Writing

Software, technology, sysadmin war stories, and more. Feed
Monday, October 10, 2011

Primary, backup, manual failover? You've already lost.

There's a line by Steve Jobs about mobile devices which basically says "if you see a stylus, they blew it". It's the kind of observation which gives other people a rule of thumb to try using the next time they encounter a similar device. You don't have to take it at face value, but you can use the opportunity to judge it for yourself and see if there's any merit to his claim.

In that spirit, I would like to provide an observation for a service which is supposed to have high availability: "if you have a primary and a backup, you have already failed". Here's why I say that.

I noticed a pattern at some point. You'd have these people running a service and they'd know about maintenance or some other scheduled situation wherever their "primary" instance happened to live. They'd have to bring the team together, apply a whole bunch of changes, and do all kinds of crazy stuff to make it "flip".

One technique I saw was setting the whole system to read-only, waiting for it to settle down, and then demote their database's read-write master to a read-only slave. Then they'd take the "backup" node which had been a read-only slave and make it the master. This would usually work, but sometimes bad things would happen.

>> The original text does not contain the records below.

(* A finite connected simple undirected graph $Y$ is bipartite if and only if $\kappa(Y)$ is odd.
   Context: A click at a vertex $x$ that is a source of an orientation reverses all edges incident to $x$, making $x$ a sink. Two acyclic orientations of $Y$ are $\kappa$-equivalent if one can be transformed into the other by a finite sequence of clicks; $\kappa(Y)$ is the number of $\kappa$-equivalence classes of acyclic orientations of $Y$. *)

theory Defs
  imports Main
begin

definition simple_graph :: "'a set \<Rightarrow> ('a \<Rightarrow> 'a \<Rightarrow> bool) \<Rightarrow> bool" where
  "simple_graph V E \<longleftrightarrow> finite V \<and> (\<forall>u v. E u v \<longrightarrow> u \<in> V \<and> v \<in> V)
     \<and> (\<forall>u v. E u v \<longrightarrow> E v u) \<and> (\<forall>u. \<not> E u u)"

definition connected_graph :: "'a set \<Rightarrow> ('a \<Rightarrow> 'a \<Rightarrow> bool) \<Rightarrow> bool" where
  "connected_graph V E \<longleftrightarrow> (\<forall>u\<in>V. \<forall>v\<in>V. (u, v) \<in> {(x, y). E x y}\<^sup>*)"

definition bipartite :: "'a set \<Rightarrow> ('a \<Rightarrow> 'a \<Rightarrow> bool) \<Rightarrow> bool" where
  "bipartite V E \<longleftrightarrow> (\<exists>A \<subseteq> V. \<forall>u v. E u v \<longrightarrow> (u \<in> A \<longleftrightarrow> v \<notin> A))"

definition orientation :: "('a \<Rightarrow> 'a \<Rightarrow> bool) \<Rightarrow> ('a \<Rightarrow> 'a \<Rightarrow> bool) \<Rightarrow> bool" where
  "orientation E D \<longleftrightarrow> (\<forall>u v. D u v \<longrightarrow> E u v) \<and> (\<forall>u v. E u v \<longrightarrow> (D u v \<longleftrightarrow> \<not> D v u))"

definition acyclic_orientation :: "('a \<Rightarrow> 'a \<Rightarrow> bool) \<Rightarrow> ('a \<Rightarrow> 'a \<Rightarrow> bool) \<Rightarrow> bool" where
  "acyclic_orientation E D \<longleftrightarrow> orientation E D \<and> acyclic {(u, v). D u v}"

definition acyc_orients :: "('a \<Rightarrow> 'a \<Rightarrow> bool) \<Rightarrow> ('a \<Rightarrow> 'a \<Rightarrow> bool) set" where
  "acyc_orients E = {D. acyclic_orientation E D}"

definition is_source :: "'a set \<Rightarrow> ('a \<Rightarrow> 'a \<Rightarrow> bool) \<Rightarrow> 'a \<Rightarrow> bool" where
  "is_source V D x \<longleftrightarrow> x \<in> V \<and> (\<forall>y. \<not> D y x)"

definition click :: "'a \<Rightarrow> ('a \<Rightarrow> 'a \<Rightarrow> bool) \<Rightarrow> ('a \<Rightarrow> 'a \<Rightarrow> bool)" where
  "click x D = (\<lambda>u v. if u = x \<or> v = x then D v u else D u v)"

definition click_step :: "'a set \<Rightarrow> ('a \<Rightarrow> 'a \<Rightarrow> bool)
    \<Rightarrow> (('a \<Rightarrow> 'a \<Rightarrow> bool) \<times> ('a \<Rightarrow> 'a \<Rightarrow> bool)) set" where
  "click_step V E = {(D, D'). D \<in> acyc_orients E \<and> (\<exists>x. is_source V D x \<and> D' = click x D)}"

definition kappa_equiv :: "'a set \<Rightarrow> ('a \<Rightarrow> 'a \<Rightarrow> bool)
    \<Rightarrow> (('a \<Rightarrow> 'a \<Rightarrow> bool) \<times> ('a \<Rightarrow> 'a \<Rightarrow> bool)) set" where
  "kappa_equiv V E = (click_step V E \<union> (click_step V E)\<inverse>)\<^sup>*"

definition kappa :: "'a set \<Rightarrow> ('a \<Rightarrow> 'a \<Rightarrow> bool) \<Rightarrow> nat" where
  "kappa V E = card (acyc_orients E // kappa_equiv V E)"
definition hermitian_preserving :: "(complex^'h^'h \<Rightarrow> complex^'k^'k) \<Rightarrow> bool" where
  "hermitian_preserving \<Psi> \<longleftrightarrow> (\<forall>X. \<Psi> (adj X) = adj (\<Psi> X))"

definition trace_preserving :: "(complex^'h^'h \<Rightarrow> complex^'k^'k) \<Rightarrow> bool" where
  "trace_preserving \<Psi> \<longleftrightarrow> (\<forall>X. trace (\<Psi> X) = trace X)"

definition unitary_on :: "'a set \<Rightarrow> 'a set \<Rightarrow> ('a \<Rightarrow> 'a \<Rightarrow> complex) \<Rightarrow> bool" where
  "unitary_on R C U \<longleftrightarrow>
     (\<forall>r\<in>R. \<forall>r'\<in>R. (\<Sum>c\<in>C. U r c * cnj (U r' c)) = (if r = r' then 1 else 0)) \<and>
     (\<forall>c\<in>C. \<forall>c'\<in>C. (\<Sum>r\<in>R. cnj (U r c) * U r c') = (if c = c' then 1 else 0))"

end

theory Submission
  imports Defs
begin

text \<open>Moving the negative terms across, \<open>\<Psi> = \<Xi>\<close> says that the families
  \<open>(A\<^sub>k, D\<^sub>l)\<close> and \<open>(C\<^sub>i, B\<^sub>j)\<close> are Kraus families of one and the same completely positive
  map, so the theorem is the unitary freedom of Kraus representations. Two Kraus families
  give the same map iff, for every pair of matrix positions, the vectors of entries at those
  positions have the same Gram matrices. Equal Gram matrices are matched by a unitary built one
  vector at a time: each new vector is moved into place by a Householder-type unitary
  \<open>1 - u u\<^sup>\<dagger>/a\<close> with \<open>u\<close> the current error, which fixes everything orthogonal to
  \<open>u\<close> and hence all vectors already matched.\<close>

definition cinner_on :: "'a set \<Rightarrow> ('a \<Rightarrow> complex) \<Rightarrow> ('a \<Rightarrow> complex) \<Rightarrow> complex" where
  "cinner_on S v w = (\<Sum>i\<in>S. v i * cnj (w i))"

definition mat_vec_on :: "'b set \<Rightarrow> ('a \<Rightarrow> 'b \<Rightarrow> complex) \<Rightarrow> ('b \<Rightarrow> complex) \<Rightarrow> 'a \<Rightarrow> complex" where
  "mat_vec_on C U v = (\<lambda>r. \<Sum>c\<in>C. U r c * v c)"

definition mat_mul_on ::
  "'b set \<Rightarrow> ('a \<Rightarrow> 'b \<Rightarrow> complex) \<Rightarrow> ('b \<Rightarrow> 'c \<Rightarrow> complex) \<Rightarrow> 'a \<Rightarrow> 'c \<Rightarrow> complex" where
  "mat_mul_on S P Q = (\<lambda>r c. \<Sum>s\<in>S. P r s * Q s c)"

lemma cinner_on_cong:
  "(\<And>r. r \<in> S \<Longrightarrow> v r = v' r) \<Longrightarrow> (\<And>r. r \<in> S \<Longrightarrow> w r = w' r) \<Longrightarrow>
    cinner_on S v w = cinner_on S v' w'"
  by (simp add: cinner_on_def)

lemma cinner_on_diff_left: "cinner_on S (\<lambda>r. v r - v' r) w = cinner_on S v w - cinner_on S v' w"
  by (simp add: cinner_on_def sum_subtractf left_diff_distrib)

lemma cinner_on_diff_right: "cinner_on S v (\<lambda>r. w r - w' r) = cinner_on S v w - cinner_on S v w'"
  by (simp add: cinner_on_def sum_subtractf right_diff_distrib)

lemma cnj_cinner_on: "cnj (cinner_on S v w) = cinner_on S w v"
  by (simp add: cinner_on_def mult.commute)

lemma cinner_on_self_eq_0_iff:
  assumes "finite S"
  shows "cinner_on S v v = 0 \<longleftrightarrow> (\<forall>r\<in>S. v r = 0)"
proof -
  have "cinner_on S v v = of_real (\<Sum>r\<in>S. (cmod (v r))\<^sup>2)"
    by (simp only: cinner_on_def of_real_sum complex_norm_square)
  then have "cinner_on S v v = 0 \<longleftrightarrow> (\<Sum>r\<in>S. (cmod (v r))\<^sup>2) = 0"
    by (simp only: of_real_eq_0_iff)
  also have "\<dots> \<longleftrightarrow> (\<forall>r\<in>S. (cmod (v r))\<^sup>2 = 0)"
    using assms by (intro sum_nonneg_eq_0_iff) auto
  finally show ?thesis by simp
qed

lemma mat_vec_on_mat_mul_on: "mat_vec_on C (mat_mul_on R P Q) v = mat_vec_on R P (mat_vec_on C Q v)"
  unfolding mat_vec_on_def mat_mul_on_def
  by (rule ext) (simp add: sum_distrib_left sum_distrib_right mult_ac sum.swap[of _ C])

lemma unitary_on_identity:
  assumes "finite R"
  shows "unitary_on R R (\<lambda>r r'. if r = r' then 1 else 0)"
  using assms unfolding unitary_on_def
  by (auto simp: if_distrib[of "\<lambda>t. t * _"] if_distrib[of cnj] cong: if_cong)

lemma unitary_on_exists:
  assumes "finite R" "finite C" "card R = card C"
  shows "\<exists>U. unitary_on R C U"
proof -
  obtain f where f: "bij_betw f C R"
    using finite_same_card_bij[OF assms(2,1) assms(3)[symmetric]] by blast
  define U where "U r c = (if r = f c then 1 else 0 :: complex)" for r c
  have "(\<Sum>c\<in>C. U r c * cnj (U r' c)) = (if r = r' then 1 else 0)" if "r \<in> R" "r' \<in> R" for r r'
  proof -
    obtain c0 where c0: "c0 \<in> C" "f c0 = r" using bij_betw_imp_surj_on[OF f] \<open>r \<in> R\<close> by blast
    have "(\<Sum>c\<in>C. U r c * cnj (U r' c)) = (\<Sum>c\<in>C. if c = c0 then (if r = r' then 1 else 0) else 0)"
      using f c0 unfolding U_def bij_betw_def inj_on_def by (intro sum.cong) auto
    then show ?thesis using c0 assms by simp
  qed
  moreover have "(\<Sum>r\<in>R. cnj (U r c) * U r c') = (if c = c' then 1 else 0)" if "c \<in> C" "c' \<in> C" for c c'
  proof -
    have "(\<Sum>r\<in>R. cnj (U r c) * U r c') = (\<Sum>r\<in>R. if r = f c then (if c = c' then 1 else 0) else 0)"
      using f that unfolding U_def bij_betw_def inj_on_def by (intro sum.cong) auto
    then show ?thesis using f that assms unfolding bij_betw_def by auto
  qed
  ultimately show ?thesis unfolding unitary_on_def by blast
qed

lemma unitary_on_cinner_on_mat_vec_on:
  assumes U: "unitary_on R C U" and "finite R" "finite C"
  shows "cinner_on R (mat_vec_on C U v) (mat_vec_on C U w) = cinner_on C v w"
proof -
  have orth: "(\<Sum>r\<in>R. U r c * cnj (U r c')) = (if c = c' then 1 else 0)" if "c \<in> C" "c' \<in> C" for c c'
  proof -
    have "(\<Sum>r\<in>R. U r c * cnj (U r c')) = cnj (\<Sum>r\<in>R. cnj (U r c) * U r c')"
      by (simp add: mult.commute)
    also have "\<dots> = (if c = c' then 1 else 0)" using U that unfolding unitary_on_def by simp
    finally show ?thesis .
  qed
  have "cinner_on R (mat_vec_on C U v) (mat_vec_on C U w) =
      (\<Sum>r\<in>R. \<Sum>c'\<in>C. \<Sum>c\<in>C. v c * cnj (w c') * (U r c * cnj (U r c')))"
    unfolding cinner_on_def mat_vec_on_def by (simp add: sum_distrib_left sum_distrib_right mult_ac)
  also have "\<dots> = (\<Sum>c'\<in>C. \<Sum>c\<in>C. v c * cnj (w c') * (\<Sum>r\<in>R. U r c * cnj (U r c')))"
    by (simp add: sum_distrib_left sum.swap[of _ R])
  also have "\<dots> = (\<Sum>c'\<in>C. \<Sum>c\<in>C. if c = c' then v c * cnj (w c) else 0)"
    by (intro sum.cong refl) (simp add: orth)
  also have "\<dots> = cinner_on C v w" using assms by (simp add: cinner_on_def)
  finally show ?thesis .
qed

lemma unitary_on_mat_mul_on:
  assumes P: "unitary_on R R P" and Q: "unitary_on R C Q" and fin: "finite R" "finite C"
  shows "unitary_on R C (mat_mul_on R P Q)"
proof -
  have P_rows: "\<And>r r'. r \<in> R \<Longrightarrow> r' \<in> R \<Longrightarrow> (\<Sum>c\<in>R. P r c * cnj (P r' c)) = (if r = r' then 1 else 0)"
   and P_cols: "\<And>r r'. r \<in> R \<Longrightarrow> r' \<in> R \<Longrightarrow> (\<Sum>c\<in>R. cnj (P c r) * P c r') = (if r = r' then 1 else 0)"
    using P unfolding unitary_on_def by auto
  have Q_rows: "\<And>r r'. r \<in> R \<Longrightarrow> r' \<in> R \<Longrightarrow> (\<Sum>c\<in>C. Q r c * cnj (Q r' c)) = (if r = r' then 1 else 0)"
   and Q_cols: "\<And>c c'. c \<in> C \<Longrightarrow> c' \<in> C \<Longrightarrow> (\<Sum>r\<in>R. cnj (Q r c) * Q r c') = (if c = c' then 1 else 0)"
    using Q unfolding unitary_on_def by auto
  let ?M = "mat_mul_on R P Q"
  have "(\<Sum>c\<in>C. ?M r c * cnj (?M r' c)) = (if r = r' then 1 else 0)" if "r \<in> R" "r' \<in> R" for r r'
  proof -
    have "(\<Sum>c\<in>C. ?M r c * cnj (?M r' c)) =
        (\<Sum>c\<in>C. \<Sum>t\<in>R. \<Sum>s\<in>R. P r s * cnj (P r' t) * (Q s c * cnj (Q t c)))"
      unfolding mat_mul_on_def by (simp add: sum_distrib_left sum_distrib_right mult_ac)
    also have "\<dots> = (\<Sum>t\<in>R. \<Sum>s\<in>R. P r s * cnj (P r' t) * (\<Sum>c\<in>C. Q s c * cnj (Q t c)))"
      by (simp add: sum_distrib_left sum.swap[of _ C])
    also have "\<dots> = (\<Sum>t\<in>R. \<Sum>s\<in>R. if s = t then P r s * cnj (P r' s) else 0)"
      by (intro sum.cong refl) (simp add: Q_rows)
    also have "\<dots> = (if r = r' then 1 else 0)" using fin P_rows that by simp
    finally show ?thesis .
  qed
  moreover have "(\<Sum>x\<in>R. cnj (?M x c) * ?M x c') = (if c = c' then 1 else 0)" if "c \<in> C" "c' \<in> C" for c c'
  proof -
    have "(\<Sum>x\<in>R. cnj (?M x c) * ?M x c') =
        (\<Sum>x\<in>R. \<Sum>s\<in>R. \<Sum>t\<in>R. cnj (Q s c) * Q t c' * (cnj (P x s) * P x t))"
      unfolding mat_mul_on_def by (simp add: sum_distrib_left sum_distrib_right mult_ac)
    also have "\<dots> = (\<Sum>s\<in>R. \<Sum>t\<in>R. \<Sum>x\<in>R. cnj (Q s c) * Q t c' * (cnj (P x s) * P x t))"
      by (subst sum.swap) (intro sum.cong refl sum.swap)
    also have "\<dots> = (\<Sum>s\<in>R. \<Sum>t\<in>R. cnj (Q s c) * Q t c' * (\<Sum>x\<in>R. cnj (P x s) * P x t))"
      by (simp add: sum_distrib_left)
    also have "\<dots> = (\<Sum>s\<in>R. \<Sum>t\<in>R. if s = t then cnj (Q s c) * Q s c' else 0)"
      by (intro sum.cong refl) (simp add: P_cols)
    also have "\<dots> = (if c = c' then 1 else 0)" using fin Q_cols that by simp
    finally show ?thesis .
  qed
  ultimately show ?thesis unfolding unitary_on_def by blast
qed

In any case, if it actually worked, then they would put the whole system back to its usual read-write mode and continue with life. They thought this was normal and saw nothing wrong with it. All I could do was shake my head and just wonder whatever gave them that idea.

There are multiple reasons why I think this is bad. First, it makes a user-visible outage. When you flip the whole site over to being read-only, the users will notice. Also, if you make this a regular thing, then the smarter ones will realize what you're doing. Once they figure that out, they will realize you are manually flipping service back and forth to dodge external dependencies and will realize what a rinky-dink operation you have. If you're selling service on the basis of reliability and "cloud this" and "cloud that", that doesn't work.

Second, it puts a human in the critical path for avoiding outages. This is just mean. It means some poor person has to sit there with a playbook and monkey their way through a process every time it comes up. What if that playbook gets out of date? Do they get to wake other people up at 3 AM if they can't figure it out?

Aside: I have a whole rant about having playbooks for a production service in the first place, but that is a topic for another time. Stay tuned, I guess.

Squirrel! Third, it does not cover those situations where your primary will die for unplanned reasons. Imagine that! What do you do when a squirrel decides to warm itself up by shorting across your service entry? Last time I checked, the squirrel union does not file notices when one of its members wants to go visit Elvis. They just do it.

Start thinking about multiple masters and a world of no primary. Once you get into that groove, then you can start planning for capacity. That opens the door to things like N+1, N+2, worrying about "shared fate", and so on.

Or, you know, you can just buy a lot of bananas and settle in for a long winter of manual failover monkey work. It's up to you.